• _Recorded data_:

(* Let $k\geq 2$ be an integer and let $B\in M_{4k}(\mathbb{F}_2)$ be a non-derogative matrix. Then there exist $N,D\in M_{4k}(\mathbb{F}_2)$ with $B=N+D$, $N^2=0$ and $D^4=D$.
   Context: A square matrix is non-derogative if its minimal polynomial equals its characteristic polynomial. $\mathbb{F}_2$ denotes the field with two elements. *)

theory Defs
  imports "Jordan_Normal_Form.Char_Poly" "Berlekamp_Zassenhaus.Finite_Field"
begin

text \<open>The field with two elements: integers modulo CARD(bool) = 2.\<close>
type_synonym F2 = "bool mod_ring"

definition poly_mat :: "'a :: comm_ring_1 poly \<Rightarrow> 'a mat \<Rightarrow> 'a mat" where
  "poly_mat p A = foldr (\<lambda>c M. c \<cdot>\<^sub>m 1\<^sub>m (dim_row A) + A * M) (coeffs p)
                        (0\<^sub>m (dim_row A) (dim_row A))"

definition minimal_poly :: "'a :: field mat \<Rightarrow> 'a poly" where
  "minimal_poly A = (THE p. monic p \<and> poly_mat p A = 0\<^sub>m (dim_row A) (dim_row A) \<and>
      (\<forall>q. q \<noteq> 0 \<longrightarrow> poly_mat q A = 0\<^sub>m (dim_row A) (dim_row A) \<longrightarrow> degree p \<le> degree q))"

definition non_derogatory :: "'a :: field mat \<Rightarrow> bool" where
  "non_derogatory A \<longleftrightarrow> minimal_poly A = char_poly A"

end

• _Assignment_: Here the job is to transcribe the lines from the first line of the data through the line containing "(\<forall>q. q \<noteq>", inclusive, exactly and with nothing else.

• _Output for this task_:
(* Let $k\geq 2$ be an integer and let $B\in M_{4k}(\mathbb{F}_2)$ be a non-derogative matrix. Then there exist $N,D\in M_{4k}(\mathbb{F}_2)$ with $B=N+D$, $N^2=0$ and $D^4=D$.
   Context: A square matrix is non-derogative if its minimal polynomial equals its characteristic polynomial. $\mathbb{F}_2$ denotes the field with two elements. *)

theory Defs
  imports "Jordan_Normal_Form.Char_Poly" "Berlekamp_Zassenhaus.Finite_Field"
begin

text \<open>The field with two elements: integers modulo CARD(bool) = 2.\<close>
type_synonym F2 = "bool mod_ring"

definition poly_mat :: "'a :: comm_ring_1 poly \<Rightarrow> 'a mat \<Rightarrow> 'a mat" where
  "poly_mat p A = foldr (\<lambda>c M. c \<cdot>\<^sub>m 1\<^sub>m (dim_row A) + A * M) (coeffs p)
                        (0\<^sub>m (dim_row A) (dim_row A))"

definition minimal_poly :: "'a :: field mat \<Rightarrow> 'a poly" where
  "minimal_poly A = (THE p. monic p \<and> poly_mat p A = 0\<^sub>m (dim_row A) (dim_row A) \<and>
      (\<forall>q. q \<noteq> 0 \<longrightarrow> poly_mat q A = 0\<^sub>m (dim_row A) (dim_row A) \<longrightarrow> degree p \<le> degree q))"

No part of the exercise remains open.